JPH0657379A - Non-magnetic steel with excellent hot workability and corrosion resistance - Google Patents

Abstract

(57) [Summary] [Object] The present invention relates to a low-cost non-magnetic steel having good hot workability and excellent in corrosion resistance and SCC resistance. [Structure] C: 0.01 to 0.80%, Si: 0.01
~ 2.50%, Mn: 9-32%, Cr: 0.1-1
4.5%, Ni: 0.10 to 8.0%, N: 0.001
~ 0.50%, including Al: 0.001 to 0.20%,
If necessary, one or more of Mo, W, Co, Cu, Nb, Ti and V may be Mo + W + Co + Cu = 0.01.
-4.0%, Nb + Ti + V = 0.01-1.5%, and Ca: 0.001-0.02%, with the balance being a high Mn non-magnetic steel composed of unavoidable impurities, with an austenitic stainless steel as the inner layer.
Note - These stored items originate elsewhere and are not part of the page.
lemma dbg_edges_inst: "dbg_edges k (inst S k b) = edges"
  unfolding dbg_edges_def spec_inst
  using edges_subset overlap_if_edge edge_if_overlap by blast

lemma spss_norep_inst_weight_ge:
  assumes "spss_norep k (inst S k b) S'"
  shows "(k + 1) * length S \<le> weight S'"
proof -
  let ?D = "zkmer S k b ` {..<length S}"
  have "?D \<subseteq> spec k (inst S k b)"
    unfolding spec_inst nodes_def by blast
  moreover have "\<forall>w\<in>?D. \<forall>w'\<in>spec k (inst S k b). drop 1 w \<noteq> take (k - 1) w'"
    unfolding spec_inst using zkmer_no_successor by blast
  ultimately have "card (spec k (inst S k b)) + (k - 1) * card ?D \<le> weight S'"
    using spss_norep_weight_ge_dead_ends[OF assms] k_ge by simp
  moreover have "card ?D = length S"
    by (simp add: card_image inj_zkmer)
  moreover have "(k + 1) * length S = 2 * length S + (k - 1) * length S"
    using k_ge by (simp add: algebra_simps flip: Suc_diff_le)
  ultimately show ?thesis
    by (simp add: spec_inst card_nodes)
qed

lemma spss_norep_inst_optimal: "\<exists>S'. spss_norep k (inst S k b) S' \<and> weight S' = (k + 1) * length S"
proof -
  define S' where "S' = (\<lambda>i. ykmer S k i @ [b i]) ` {..<length S}"
  have inj: "inj_on (\<lambda>i. ykmer S k i @ [b i]) {..<length S}"
    using inj_ykmer by (auto intro!: inj_onI dest: inj_onD)
  then have card_S': "card S' = length S"
    unfolding S'_def by (simp add: card_image)
  have length_S': "length z = k + 1" if "z \<in> S'" for z
    using that unfolding S'_def by (auto simp: length_ykmer)
  have "finite S'"
    unfolding S'_def by simp
  moreover have "\<forall>z\<in>S'. k \<le> length z"
    using length_S' by simp
  moreover have "spec k S' = (\<Union>i<length S. {ykmer S k i, zkmer S k b i})"
    unfolding spec_def S'_def image_image kmers_ykmer_snoc ..
  then have "spec k S' = spec k (inst S k b)"
    unfolding spec_inst nodes_def by blast
  moreover have "(\<Sum>z\<in>S'. length z + 1 - k) = card (spec k (inst S k b))"
  proof -
    have "(\<Sum>z\<in>S'. length z + 1 - k) = (\<Sum>z\<in>S'. 2)"
      using length_S' by (intro sum.cong) auto
    then show ?thesis
      by (simp add: card_S' spec_inst card_nodes)
  qed
  ultimately have "spss_norep k (inst S k b) S'"
    by (rule spss_norepI)
  moreover have "weight S' = (k + 1) * length S"
  proof -
    have "weight S' = (\<Sum>z\<in>S'. k + 1)"
      unfolding weight_def using length_S' by (intro sum.cong) auto
    then show ?thesis
      by (simp add: card_S')
  qed
  ultimately show ?thesis
    by blast
qed

end
(* Let $X$ be a smooth manifold, let $\mathcal{C}^\infty_X$ be the sheaf of germs of smooth $\mathbb{C}$-valued functions on $X$, let $(U,\phi)$ be a chart of $X$, and let $K\subseteq U$ be compact. Let $\mathcal{C}^\infty_X(K):=\varinjlim_{K\subseteq V}\mathcal{C}^\infty_X(V)$ (inductive limit over open $V\supseteq K$), endowed with the locally $m$-convex inductive limit topology. Then $\mathcal{C}^\infty_X(K)$ is a locally $m$-convex $Q$-algebra whose spectrum coincides with $K$.
   Context: Smooth manifolds are finite-dimensional and second countable. For each open $V$ with $K\subseteq V\subseteq U$, $\mathcal{C}^\infty_X(V)$ carries the Fréchet locally $m$-convex topology given by the seminorms $N_{m,C}(f)=\sup_{|p|\le m}\sup_{x\in C}|D^p(f\circ\phi^{-1})(\phi(x))|$, $C\subseteq V$ compact, $m\ge0$. The locally $m$-convex inductive limit topology on $\mathcal{C}^\infty_X(K)$ is the finest locally $m$-convex topology making all canonical maps $\mathcal{C}^\infty_X(V)\to\mathcal{C}^\infty_X(K)$ continuous. A topological algebra is a complex associative algebra that is a topological vector space with separately continuous multiplication; it is locally $m$-convex if its topology is given by a directed family of submultiplicative seminorms; a unital topological algebra is a $Q$-algebra if its group of invertible elements is open. The spectrum $\mathfrak{M}(\mathcal{A})$ of a commutative unital locally $m$-convex algebra is the set of continuous characters (nonzero multiplicative linear functionals) with the relative weak$^*$ topology; "coincides with $K$" means it is identified (homeomorphically) with $K$, points of $K$ corresponding to point evaluations. *)

theory Defs
  imports "HOL-Analysis.Analysis"
begin
text \<open>
  On the event \<open>I = k\<close> the curated sample is \<open>X\<^sub>k\<close>, and the Plackett--Luce rule gives
  \<open>P(I = k, X\<^sub>k \<in> A) = E[1\<^sub>A(X\<^sub>k) w\<^sub>k / (w\<^sub>1 + ... + w\<^sub>K)]\<close>.
  The \<open>K\<close> pairs (sample, noise) are i.i.d., so inserting a candidate \<open>(y, u)\<close> at position \<open>k\<close>
  among \<open>K - 1\<close> independent competitors reproduces their joint law. The expectation
  therefore equals \<open>\<integral>\<^sub>A H\<^sup>K\<^sub>p / K dQ\<close> with \<open>Q = p \<pi>\<close>, whatever \<open>k\<close> is, and summing over \<open>k\<close>
  shows that \<open>X\<^sub>I\<close> has density \<open>H\<^sup>K\<^sub>p\<close> with respect to \<open>Q\<close>.
\<close>

lemma distr_interchange_pair_measure:
  assumes "sigma_finite_measure A" "sigma_finite_measure B"
    and "sigma_finite_measure C" "sigma_finite_measure D"
  shows "distr (A \<Otimes>\<^sub>M (B \<Otimes>\<^sub>M (C \<Otimes>\<^sub>M D))) ((A \<Otimes>\<^sub>M C) \<Otimes>\<^sub>M (B \<Otimes>\<^sub>M D))
           (\<lambda>(a, b, c, d). ((a, c), (b, d))) = (A \<Otimes>\<^sub>M C) \<Otimes>\<^sub>M (B \<Otimes>\<^sub>M D)"
    (is "distr ?ABCD _ ?swap = _")
proof (rule pair_measure_eqI[symmetric])
  interpret A: sigma_finite_measure A by fact
  interpret B: sigma_finite_measure B by fact
  interpret C: sigma_finite_measure C by fact
  interpret D: sigma_finite_measure D by fact
  interpret BC: pair_sigma_finite B C ..
  interpret CD: pair_sigma_finite C D ..
  interpret BCD: pair_sigma_finite B "C \<Otimes>\<^sub>M D" ..
  show "sigma_finite_measure (A \<Otimes>\<^sub>M C)" "sigma_finite_measure (B \<Otimes>\<^sub>M D)"
    by (simp_all add: sigma_finite_pair_measure assms)
  show "sets ((A \<Otimes>\<^sub>M C) \<Otimes>\<^sub>M (B \<Otimes>\<^sub>M D)) = sets (distr ?ABCD ((A \<Otimes>\<^sub>M C) \<Otimes>\<^sub>M (B \<Otimes>\<^sub>M D)) ?swap)"
    by simp
  fix X Y assume [measurable]: "X \<in> sets (A \<Otimes>\<^sub>M C)" "Y \<in> sets (B \<Otimes>\<^sub>M D)"
  have "emeasure (distr ?ABCD ((A \<Otimes>\<^sub>M C) \<Otimes>\<^sub>M (B \<Otimes>\<^sub>M D)) ?swap) (X \<times> Y)
      = (\<integral>\<^sup>+ z. indicator X (fst z, fst (snd (snd z))) * indicator Y (fst (snd z), snd (snd (snd z)))
          \<partial>?ABCD)"
    by (simp add: emeasure_distr nn_integral_indicator[symmetric] nn_integral_distr
        indicator_times split_beta')
  also have "\<dots> = (\<integral>\<^sup>+ a. \<integral>\<^sup>+ b. \<integral>\<^sup>+ c. \<integral>\<^sup>+ d. indicator X (a, c) * indicator Y (b, d)
      \<partial>D \<partial>C \<partial>B \<partial>A)"
    by (subst BCD.nn_integral_fst[symmetric], simp, intro nn_integral_cong,
        subst CD.nn_integral_fst[symmetric], simp, intro nn_integral_cong,
        subst D.nn_integral_fst[symmetric], simp_all)
  also have "\<dots> = (\<integral>\<^sup>+ a. \<integral>\<^sup>+ b. \<integral>\<^sup>+ c. indicator X (a, c) * \<integral>\<^sup>+ d. indicator Y (b, d)
      \<partial>D \<partial>C \<partial>B \<partial>A)"
    by (intro nn_integral_cong nn_integral_cmult) simp
  also have "\<dots> = (\<integral>\<^sup>+ a. \<integral>\<^sup>+ c. \<integral>\<^sup>+ b. indicator X (a, c) * \<integral>\<^sup>+ d. indicator Y (b, d)
      \<partial>D \<partial>B \<partial>C \<partial>A)"
    by (rule nn_integral_cong, rule BC.Fubini'[symmetric]) simp
  also have "\<dots> = (\<integral>\<^sup>+ a. \<integral>\<^sup>+ c. indicator X (a, c) * emeasure (B \<Otimes>\<^sub>M D) Y \<partial>C \<partial>A)"
    by (intro nn_integral_cong, subst nn_integral_cmult)
       (simp_all add: D.nn_integral_fst nn_integral_indicator)
  also have "\<dots> = (\<integral>\<^sup>+ a. (\<integral>\<^sup>+ c. indicator X (a, c) \<partial>C) * emeasure (B \<Otimes>\<^sub>M D) Y \<partial>A)"
    by (intro nn_integral_cong nn_integral_multc) simp
  also have "\<dots> = (\<integral>\<^sup>+ a. \<integral>\<^sup>+ c. indicator X (a, c) \<partial>C \<partial>A) * emeasure (B \<Otimes>\<^sub>M D) Y"
    by (rule nn_integral_multc) simp
  also have "\<dots> = emeasure (A \<Otimes>\<^sub>M C) X * emeasure (B \<Otimes>\<^sub>M D) Y"
    by (subst C.nn_integral_fst) (simp_all add: nn_integral_indicator)
  finally show "emeasure (A \<Otimes>\<^sub>M C) X * emeasure (B \<Otimes>\<^sub>M D) Y
      = emeasure (distr ?ABCD ((A \<Otimes>\<^sub>M C) \<Otimes>\<^sub>M (B \<Otimes>\<^sub>M D)) ?swap) (X \<times> Y)"
    by simp
qed

definition insert_at :: "nat \<Rightarrow> nat \<Rightarrow> 'b \<Rightarrow> (nat \<Rightarrow> 'b) \<Rightarrow> nat \<Rightarrow> 'b" where
  "insert_at n k y xs = (\<lambda>j\<in>{..<Suc n}. if j = k then y else xs (if j < k then j else j - 1))"

lemma insert_at_same: "k \<le> n \<Longrightarrow> insert_at n k y xs k = y"
  by (simp add: insert_at_def)

lemma sum_insert_at:
  assumes "k \<le> n"
  shows "(\<Sum>i<Suc n. F (insert_at n k u us i) (insert_at n k y xs i)) = F u y + (\<Sum>i<n. F (us i) (xs i))"
proof -
  define g where "g i = (if i < k then i else Suc i)" for i
  have bij: "bij_betw g {..<n} ({..<Suc n} - {k})"
    using assms by (intro bij_betw_byWitness[where f' = "\<lambda>j. if j < k then j else j - 1"]) (auto simp: g_def)
  have "(\<Sum>i<Suc n. F (insert_at n k u us i) (insert_at n k y xs i))
      = F u y + (\<Sum>i\<in>{..<Suc n} - {k}. F (insert_at n k u us i) (insert_at n k y xs i))"
    using assms by (subst sum.remove[of _ k]) (auto simp: insert_at_same)
  also have "(\<Sum>i\<in>{..<Suc n} - {k}. F (insert_at n k u us i) (insert_at n k y xs i))
      = (\<Sum>i<n. F (insert_at n k u us (g i)) (insert_at n k y xs (g i)))"
    by (rule sum.reindex_bij_betw[OF bij, symmetric])
  also have "\<dots> = (\<Sum>i<n. F (us i) (xs i))"
    by (rule sum.cong) (auto simp: insert_at_def g_def)
  finally show ?thesis .
qed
A non-magnetic steel material characterized by hot-rolling a cast multi-layer cast slab having as a surface layer. [Effect] A non-magnetic steel material having excellent corrosion resistance can be manufactured at a good yield and at a low cost, and the application range of the non-magnetic structural member is expanded.

Description

Detailed Description of the Invention

[0001]

BACKGROUND OF THE INVENTION 1. Field of the Invention The present invention relates to a low-cost non-magnetic steel having good hot workability and excellent corrosion resistance and SCC resistance.

[0002]

2. Description of the Related Art High Mn non-magnetic steel is superior in austenite phase stability to austenitic stainless steel. The austenitic stainless steel has an austenitic ferromagnetic α '
It transforms to the martensitic phase and increases the magnetic permeability. on the other hand,
In the high Mn non-magnetic steel, the austenite phase transforms to the non-magnetic ε-martensite phase even when a work strain is applied, so that the magnetic permeability remains extremely low and does not change. Therefore, high Mn
Since steel exhibits a stable austenite structure,
It is attracting attention in fields requiring extremely low magnetic permeability, such as magnetic levitation high-speed railways and nuclear fusion experimental reactors. In addition, since it is cheaper than austenitic stainless steel, it can be expected to be widely used in the future as a non-magnetic structural member for industrial and consumer use.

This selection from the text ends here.